** EXERCISE GOAL **
Start to finish, repeat the records exactly.

-=-=-

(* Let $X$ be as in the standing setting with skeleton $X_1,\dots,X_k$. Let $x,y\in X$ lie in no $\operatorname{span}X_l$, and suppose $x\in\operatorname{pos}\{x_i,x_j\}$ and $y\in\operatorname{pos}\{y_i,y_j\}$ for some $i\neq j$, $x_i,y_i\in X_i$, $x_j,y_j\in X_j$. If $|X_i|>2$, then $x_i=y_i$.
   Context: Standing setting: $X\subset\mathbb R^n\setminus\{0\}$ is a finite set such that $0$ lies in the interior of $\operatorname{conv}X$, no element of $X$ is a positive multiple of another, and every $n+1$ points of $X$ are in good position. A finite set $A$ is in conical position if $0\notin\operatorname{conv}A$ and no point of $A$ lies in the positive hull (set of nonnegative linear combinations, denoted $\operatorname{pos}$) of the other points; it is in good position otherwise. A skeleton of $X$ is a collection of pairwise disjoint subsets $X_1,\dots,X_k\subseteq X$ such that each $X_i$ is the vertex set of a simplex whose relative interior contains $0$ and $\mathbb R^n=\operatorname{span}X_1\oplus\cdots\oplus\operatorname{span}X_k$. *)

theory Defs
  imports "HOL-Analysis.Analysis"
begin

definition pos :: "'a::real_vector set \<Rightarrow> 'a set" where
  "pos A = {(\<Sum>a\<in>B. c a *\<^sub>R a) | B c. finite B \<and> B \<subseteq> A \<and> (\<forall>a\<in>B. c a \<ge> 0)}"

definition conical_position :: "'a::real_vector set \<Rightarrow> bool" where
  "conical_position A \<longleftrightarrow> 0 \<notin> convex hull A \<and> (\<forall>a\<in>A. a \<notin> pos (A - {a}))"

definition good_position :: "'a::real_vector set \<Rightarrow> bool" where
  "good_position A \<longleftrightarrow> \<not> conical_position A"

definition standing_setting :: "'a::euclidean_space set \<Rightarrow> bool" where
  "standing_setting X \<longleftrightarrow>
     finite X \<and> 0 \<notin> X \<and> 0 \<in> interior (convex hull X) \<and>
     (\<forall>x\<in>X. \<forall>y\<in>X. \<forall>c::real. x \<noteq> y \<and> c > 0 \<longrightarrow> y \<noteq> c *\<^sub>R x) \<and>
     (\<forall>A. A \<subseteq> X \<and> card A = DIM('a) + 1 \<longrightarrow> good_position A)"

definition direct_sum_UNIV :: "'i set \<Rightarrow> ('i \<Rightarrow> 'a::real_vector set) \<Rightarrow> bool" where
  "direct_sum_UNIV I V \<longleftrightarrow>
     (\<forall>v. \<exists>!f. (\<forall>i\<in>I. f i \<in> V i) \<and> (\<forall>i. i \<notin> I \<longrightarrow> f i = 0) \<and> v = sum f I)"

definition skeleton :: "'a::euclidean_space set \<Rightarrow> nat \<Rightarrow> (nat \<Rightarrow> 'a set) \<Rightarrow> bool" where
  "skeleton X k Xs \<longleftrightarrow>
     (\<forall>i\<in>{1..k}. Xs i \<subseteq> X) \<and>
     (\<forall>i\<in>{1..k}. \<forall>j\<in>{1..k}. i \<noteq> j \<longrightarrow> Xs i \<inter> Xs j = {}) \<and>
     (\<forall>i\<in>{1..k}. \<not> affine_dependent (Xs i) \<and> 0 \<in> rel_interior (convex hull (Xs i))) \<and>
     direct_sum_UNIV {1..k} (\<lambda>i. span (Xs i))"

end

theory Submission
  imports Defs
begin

-=-=-

** YOUR SOLUTION **
(* Let $X$ be as in the standing setting with skeleton $X_1,\dots,X_k$. Let $x,y\in X$ lie in no $\operatorname{span}X_l$, and suppose $x\in\operatorname{pos}\{x_i,x_j\}$ and $y\in\operatorname{pos}\{y_i,y_j\}$ for some $i\neq j$, $x_i,y_i\in X_i$, $x_j,y_j\in X_j$. If $|X_i|>2$, then $x_i=y_i$.
   Context: Standing setting: $X\subset\mathbb R^n\setminus\{0\}$ is a finite set such that $0$ lies in the interior of $\operatorname{conv}X$, no element of $X$ is a positive multiple of another, and every $n+1$ points of $X$ are in good position. A finite set $A$ is in conical position if $0\notin\operatorname{conv}A$ and no point of $A$ lies in the positive hull (set of nonnegative linear combinations, denoted $\operatorname{pos}$) of the other points; it is in good position otherwise. A skeleton of $X$ is a collection of pairwise disjoint subsets $X_1,\dots,X_k\subseteq X$ such that each $X_i$ is the vertex set of a simplex whose relative interior contains $0$ and $\mathbb R^n=\operatorname{span}X_1\oplus\cdots\oplus\operatorname{span}X_k$. *)

theory Defs
  imports "HOL-Analysis.Analysis"
begin

definition pos :: "'a::real_vector set \<Rightarrow> 'a set" where
  "pos A = {(\<Sum>a\<in>B. c a *\<^sub>R a) | B c. finite B \<and> B \<subseteq> A \<and> (\<forall>a\<in>B. c a \<ge> 0)}"

definition conical_position :: "'a::real_vector set \<Rightarrow> bool" where
  "conical_position A \<longleftrightarrow> 0 \<notin> convex hull A \<and> (\<forall>a\<in>A. a \<notin> pos (A - {a}))"

definition good_position :: "'a::real_vector set \<Rightarrow> bool" where
  "good_position A \<longleftrightarrow> \<not> conical_position A"

definition standing_setting :: "'a::euclidean_space set \<Rightarrow> bool" where
  "standing_setting X \<longleftrightarrow>
     finite X \<and> 0 \<notin> X \<and> 0 \<in> interior (convex hull X) \<and>
     (\<forall>x\<in>X. \<forall>y\<in>X. \<forall>c::real. x \<noteq> y \<and> c > 0 \<longrightarrow> y \<noteq> c *\<^sub>R x) \<and>
     (\<forall>A. A \<subseteq> X \<and> card A = DIM('a) + 1 \<longrightarrow> good_position A)"

definition direct_sum_UNIV :: "'i set \<Rightarrow> ('i \<Rightarrow> 'a::real_vector set) \<Rightarrow> bool" where
  "direct_sum_UNIV I V \<longleftrightarrow>
     (\<forall>v. \<exists>!f. (\<forall>i\<in>I. f i \<in> V i) \<and> (\<forall>i. i \<notin> I \<longrightarrow> f i = 0) \<and> v = sum f I)"

definition skeleton :: "'a::euclidean_space set \<Rightarrow> nat \<Rightarrow> (nat \<Rightarrow> 'a set) \<Rightarrow> bool" where
  "skeleton X k Xs \<longleftrightarrow>
     (\<forall>i\<in>{1..k}. Xs i \<subseteq> X) \<and>
     (\<forall>i\<in>{1..k}. \<forall>j\<in>{1..k}. i \<noteq> j \<longrightarrow> Xs i \<inter> Xs j = {}) \<and>
     (\<forall>i\<in>{1..k}. \<not> affine_dependent (Xs i) \<and> 0 \<in> rel_interior (convex hull (Xs i))) \<and>
     direct_sum_UNIV {1..k} (\<lambda>i. span (Xs i))"

end

theory Submission
  imports Defs
begin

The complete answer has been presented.